(* Let $\widetilde{\Sigma}=\widetilde{\Sigma}_1\uplus\cdots\uplus\widetilde{\Sigma}_n$ with pairwise disjoint visibly pushdown alphabets, and let $P_1\subseteq\widetilde{\Sigma}_1^*,\ldots,P_n\subseteq\widetilde{\Sigma}_n^*$ be well-matched visibly pushdown languages. Let $\Sigma'\subseteq\Sigma^{\mathsf{call}}\cup\Sigma^{\mathsf{ret}}$ be such that for all $i$ and all $c,r\in\widetilde{\Sigma}_i$ that are a matching call–return pair in some word of $P_i$, $c\in\Sigma'\Leftrightarrow r\in\Sigma'$. Let $f:\widetilde{\Sigma}^*\to\widetilde{\Sigma}^*$ be a letter-to-letter string homomorphism with $f(a)\in\Sigma^{\mathsf{int}}_i$ if $a\in\Sigma'\cap\widetilde{\Sigma}_i$ (for any $i$), and $f(a)=a$ otherwise. If $\prec$ is a visibly pushdown contextual order on $\widetilde{\Sigma}$, then there is a visibly pushdown contextual order $\prec'$ such that $\mathrm{red}_{\prec'}(P_1\bowtie\cdots\bowtie P_n)=\mathrm{red}_{f(\prec)}(P_1\bowtie\cdots\bowtie P_n)$.
   Context: A visibly pushdown (VP) alphabet is a finite alphabet partitioned into calls $\Sigma^{\mathsf{call}}$, returns $\Sigma^{\mathsf{ret}}$, internals $\Sigma^{\mathsf{int}}$; subscripts $i$ refer to $\widetilde{\Sigma}_i$, and $\widetilde{\Sigma}$ has the unions. Calls and returns are matched like opening and closing parentheses (internals ignored); a word is well-matched if all are matched. A visibly pushdown automaton (VPA) is a pushdown automaton with bottom symbol $\bot$ pushing one non-$\bot$ symbol on each call, popping the top on each return (reading $\bot$ on empty stack without removing it), stack unchanged on internals; deterministic = one initial state and at most one transition per configuration and letter; complete = at least one. Shuffle $P_1\parallel\cdots\parallel P_n=\{w:\Pi_{\widetilde{\Sigma}_i}(w)\in P_i\ \forall i\}$; a word is well-nested if every matched pair consists of letters from the same $\widetilde{\Sigma}_k$; $P_1\bowtie\cdots\bowtie P_n$ is the set of well-nested words of the shuffle. $\mathbb{I}=\{(a,b):a\in\widetilde{\Sigma}_i,b\in\widetilde{\Sigma}_j,i\ne j\}$, $\equiv_{\mathbb{I}}$ the least reflexive transitive relation with $uabv\equiv_{\mathbb{I}}ubav$ for $(a,b)\in\mathbb{I}$. A contextual order is a map $\prec$ from $\widetilde{\Sigma}^*$ to strict partial orders on $\widetilde{\Sigma}$; it induces $\preceq$: $\sigma\preceq\rho$ iff $\sigma$ is a prefix of $\rho$ or $\sigma=\alpha a\beta$, $\rho=\alpha b\gamma$ with $a\prec_\alpha b$. $\mathrm{red}_\prec(L)=\{w\in L:\forall u\in L,(u\equiv_{\mathbb{I}}w\wedge u\preceq w)\Rightarrow u=w\}$. A contextual order is visibly pushdown (VPO) if its values are strict total orders and there is a complete deterministic VPA $A$ over $\widetilde{\Sigma}$ and a map $\mathsf{ord}$ from states of $A$ to strict total orders with $\prec_w=\mathsf{ord}(q)$, $q$ the state reached after reading $w$. The contextual order $f(\prec)$ is defined by $a\ f(\prec)_w\ b\iff f(a)\prec_{f(w)}f(b)$. *)

theory Defs
  imports Main
begin

text \<open>A family of VP alphabets is given by index sets Sig i (i < n) of letters, together
with global sets Call, Ret, Intl of call, return and internal letters (partitioning the
union alphabet). Letters that are neither calls nor returns are internal.\<close>

definition SigU :: "nat \<Rightarrow> (nat \<Rightarrow> 'a set) \<Rightarrow> 'a set" where
  "SigU n Sig = (\<Union>i<n. Sig i)"

inductive well_matched :: "'a set \<Rightarrow> 'a set \<Rightarrow> 'a list \<Rightarrow> bool" for Call Ret where
  wm_nil: "well_matched Call Ret []"
| wm_int: "a \<notin> Call \<Longrightarrow> a \<notin> Ret \<Longrightarrow> well_matched Call Ret [a]"
| wm_app: "well_matched Call Ret u \<Longrightarrow> well_matched Call Ret v \<Longrightarrow> well_matched Call Ret (u @ v)"
| wm_nest: "c \<in> Call \<Longrightarrow> r \<in> Ret \<Longrightarrow> well_matched Call Ret u \<Longrightarrow> well_matched Call Ret (c # u @ [r])"

definition matched_pair :: "'a set \<Rightarrow> 'a set \<Rightarrow> 'a list \<Rightarrow> nat \<Rightarrow> nat \<Rightarrow> bool" where
  "matched_pair Call Ret w k l \<longleftrightarrow> k < l \<and> l < length w \<and> w ! k \<in> Call \<and> w ! l \<in> Ret \<and>
     well_matched Call Ret (take (l - Suc k) (drop (Suc k) w))"

definition matching_letters_in :: "'a set \<Rightarrow> 'a set \<Rightarrow> 'a list set \<Rightarrow> 'a \<Rightarrow> 'a \<Rightarrow> bool" where
  "matching_letters_in Call Ret L c r \<longleftrightarrow>
     (\<exists>w\<in>L. \<exists>k l. matched_pair Call Ret w k l \<and> w ! k = c \<and> w ! l = r)"

definition well_nested :: "'a set \<Rightarrow> 'a set \<Rightarrow> nat \<Rightarrow> (nat \<Rightarrow> 'a set) \<Rightarrow> 'a list \<Rightarrow> bool" where
  "well_nested Call Ret n Sig w \<longleftrightarrow>
     (\<forall>k l. matched_pair Call Ret w k l \<longrightarrow> (\<exists>m<n. w ! k \<in> Sig m \<and> w ! l \<in> Sig m))"

definition shuffle :: "nat \<Rightarrow> (nat \<Rightarrow> 'a set) \<Rightarrow> (nat \<Rightarrow> 'a list set) \<Rightarrow> 'a list set" where
  "shuffle n Sig P = {w \<in> lists (SigU n Sig). \<forall>i<n. filter (\<lambda>a. a \<in> Sig i) w \<in> P i}"

definition bowtie :: "'a set \<Rightarrow> 'a set \<Rightarrow> nat \<Rightarrow> (nat \<Rightarrow> 'a set) \<Rightarrow> (nat \<Rightarrow> 'a list set) \<Rightarrow> 'a list set" where
  "bowtie Call Ret n Sig P = {w \<in> shuffle n Sig P. well_nested Call Ret n Sig w}"

definition indep :: "nat \<Rightarrow> (nat \<Rightarrow> 'a set) \<Rightarrow> 'a \<Rightarrow> 'a \<Rightarrow> bool" where
  "indep n Sig a b \<longleftrightarrow> (\<exists>i<n. \<exists>j<n. i \<noteq> j \<and> a \<in> Sig i \<and> b \<in> Sig j)"

definition swap_step :: "nat \<Rightarrow> (nat \<Rightarrow> 'a set) \<Rightarrow> 'a list \<Rightarrow> 'a list \<Rightarrow> bool" where
  "swap_step n Sig x y \<longleftrightarrow>
     (\<exists>u v a b. indep n Sig a b \<and> x = u @ [a, b] @ v \<and> y = u @ [b, a] @ v)"

definition trace_eq :: "nat \<Rightarrow> (nat \<Rightarrow> 'a set) \<Rightarrow> 'a list \<Rightarrow> 'a list \<Rightarrow> bool" where
  "trace_eq n Sig = (swap_step n Sig)\<^sup>*\<^sup>*"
----------
WORK REQUIRED:
Retyping the data above exactly and in full is the task.

ANSWER BELOW:
(* Let $\widetilde{\Sigma}=\widetilde{\Sigma}_1\uplus\cdots\uplus\widetilde{\Sigma}_n$ with pairwise disjoint visibly pushdown alphabets, and let $P_1\subseteq\widetilde{\Sigma}_1^*,\ldots,P_n\subseteq\widetilde{\Sigma}_n^*$ be well-matched visibly pushdown languages. Let $\Sigma'\subseteq\Sigma^{\mathsf{call}}\cup\Sigma^{\mathsf{ret}}$ be such that for all $i$ and all $c,r\in\widetilde{\Sigma}_i$ that are a matching call–return pair in some word of $P_i$, $c\in\Sigma'\Leftrightarrow r\in\Sigma'$. Let $f:\widetilde{\Sigma}^*\to\widetilde{\Sigma}^*$ be a letter-to-letter string homomorphism with $f(a)\in\Sigma^{\mathsf{int}}_i$ if $a\in\Sigma'\cap\widetilde{\Sigma}_i$ (for any $i$), and $f(a)=a$ otherwise. If $\prec$ is a visibly pushdown contextual order on $\widetilde{\Sigma}$, then there is a visibly pushdown contextual order $\prec'$ such that $\mathrm{red}_{\prec'}(P_1\bowtie\cdots\bowtie P_n)=\mathrm{red}_{f(\prec)}(P_1\bowtie\cdots\bowtie P_n)$.
   Context: A visibly pushdown (VP) alphabet is a finite alphabet partitioned into calls $\Sigma^{\mathsf{call}}$, returns $\Sigma^{\mathsf{ret}}$, internals $\Sigma^{\mathsf{int}}$; subscripts $i$ refer to $\widetilde{\Sigma}_i$, and $\widetilde{\Sigma}$ has the unions. Calls and returns are matched like opening and closing parentheses (internals ignored); a word is well-matched if all are matched. A visibly pushdown automaton (VPA) is a pushdown automaton with bottom symbol $\bot$ pushing one non-$\bot$ symbol on each call, popping the top on each return (reading $\bot$ on empty stack without removing it), stack unchanged on internals; deterministic = one initial state and at most one transition per configuration and letter; complete = at least one. Shuffle $P_1\parallel\cdots\parallel P_n=\{w:\Pi_{\widetilde{\Sigma}_i}(w)\in P_i\ \forall i\}$; a word is well-nested if every matched pair consists of letters from the same $\widetilde{\Sigma}_k$; $P_1\bowtie\cdots\bowtie P_n$ is the set of well-nested words of the shuffle. $\mathbb{I}=\{(a,b):a\in\widetilde{\Sigma}_i,b\in\widetilde{\Sigma}_j,i\ne j\}$, $\equiv_{\mathbb{I}}$ the least reflexive transitive relation with $uabv\equiv_{\mathbb{I}}ubav$ for $(a,b)\in\mathbb{I}$. A contextual order is a map $\prec$ from $\widetilde{\Sigma}^*$ to strict partial orders on $\widetilde{\Sigma}$; it induces $\preceq$: $\sigma\preceq\rho$ iff $\sigma$ is a prefix of $\rho$ or $\sigma=\alpha a\beta$, $\rho=\alpha b\gamma$ with $a\prec_\alpha b$. $\mathrm{red}_\prec(L)=\{w\in L:\forall u\in L,(u\equiv_{\mathbb{I}}w\wedge u\preceq w)\Rightarrow u=w\}$. A contextual order is visibly pushdown (VPO) if its values are strict total orders and there is a complete deterministic VPA $A$ over $\widetilde{\Sigma}$ and a map $\mathsf{ord}$ from states of $A$ to strict total orders with $\prec_w=\mathsf{ord}(q)$, $q$ the state reached after reading $w$. The contextual order $f(\prec)$ is defined by $a\ f(\prec)_w\ b\iff f(a)\prec_{f(w)}f(b)$. *)

theory Defs
  imports Main
begin

text \<open>A family of VP alphabets is given by index sets Sig i (i < n) of letters, together
with global sets Call, Ret, Intl of call, return and internal letters (partitioning the
union alphabet). Letters that are neither calls nor returns are internal.\<close>

definition SigU :: "nat \<Rightarrow> (nat \<Rightarrow> 'a set) \<Rightarrow> 'a set" where
  "SigU n Sig = (\<Union>i<n. Sig i)"

inductive well_matched :: "'a set \<Rightarrow> 'a set \<Rightarrow> 'a list \<Rightarrow> bool" for Call Ret where
  wm_nil: "well_matched Call Ret []"
| wm_int: "a \<notin> Call \<Longrightarrow> a \<notin> Ret \<Longrightarrow> well_matched Call Ret [a]"
| wm_app: "well_matched Call Ret u \<Longrightarrow> well_matched Call Ret v \<Longrightarrow> well_matched Call Ret (u @ v)"
| wm_nest: "c \<in> Call \<Longrightarrow> r \<in> Ret \<Longrightarrow> well_matched Call Ret u \<Longrightarrow> well_matched Call Ret (c # u @ [r])"

definition matched_pair :: "'a set \<Rightarrow> 'a set \<Rightarrow> 'a list \<Rightarrow> nat \<Rightarrow> nat \<Rightarrow> bool" where
  "matched_pair Call Ret w k l \<longleftrightarrow> k < l \<and> l < length w \<and> w ! k \<in> Call \<and> w ! l \<in> Ret \<and>
     well_matched Call Ret (take (l - Suc k) (drop (Suc k) w))"

definition matching_letters_in :: "'a set \<Rightarrow> 'a set \<Rightarrow> 'a list set \<Rightarrow> 'a \<Rightarrow> 'a \<Rightarrow> bool" where
  "matching_letters_in Call Ret L c r \<longleftrightarrow>
     (\<exists>w\<in>L. \<exists>k l. matched_pair Call Ret w k l \<and> w ! k = c \<and> w ! l = r)"

definition well_nested :: "'a set \<Rightarrow> 'a set \<Rightarrow> nat \<Rightarrow> (nat \<Rightarrow> 'a set) \<Rightarrow> 'a list \<Rightarrow> bool" where
  "well_nested Call Ret n Sig w \<longleftrightarrow>
     (\<forall>k l. matched_pair Call Ret w k l \<longrightarrow> (\<exists>m<n. w ! k \<in> Sig m \<and> w ! l \<in> Sig m))"

definition shuffle :: "nat \<Rightarrow> (nat \<Rightarrow> 'a set) \<Rightarrow> (nat \<Rightarrow> 'a list set) \<Rightarrow> 'a list set" where
  "shuffle n Sig P = {w \<in> lists (SigU n Sig). \<forall>i<n. filter (\<lambda>a. a \<in> Sig i) w \<in> P i}"

definition bowtie :: "'a set \<Rightarrow> 'a set \<Rightarrow> nat \<Rightarrow> (nat \<Rightarrow> 'a set) \<Rightarrow> (nat \<Rightarrow> 'a list set) \<Rightarrow> 'a list set" where
  "bowtie Call Ret n Sig P = {w \<in> shuffle n Sig P. well_nested Call Ret n Sig w}"

definition indep :: "nat \<Rightarrow> (nat \<Rightarrow> 'a set) \<Rightarrow> 'a \<Rightarrow> 'a \<Rightarrow> bool" where
  "indep n Sig a b \<longleftrightarrow> (\<exists>i<n. \<exists>j<n. i \<noteq> j \<and> a \<in> Sig i \<and> b \<in> Sig j)"

definition swap_step :: "nat \<Rightarrow> (nat \<Rightarrow> 'a set) \<Rightarrow> 'a list \<Rightarrow> 'a list \<Rightarrow> bool" where
  "swap_step n Sig x y \<longleftrightarrow>
     (\<exists>u v a b. indep n Sig a b \<and> x = u @ [a, b] @ v \<and> y = u @ [b, a] @ v)"

definition trace_eq :: "nat \<Rightarrow> (nat \<Rightarrow> 'a set) \<Rightarrow> 'a list \<Rightarrow> 'a list \<Rightarrow> bool" where
  "trace_eq n Sig = (swap_step n Sig)\<^sup>*\<^sup>*"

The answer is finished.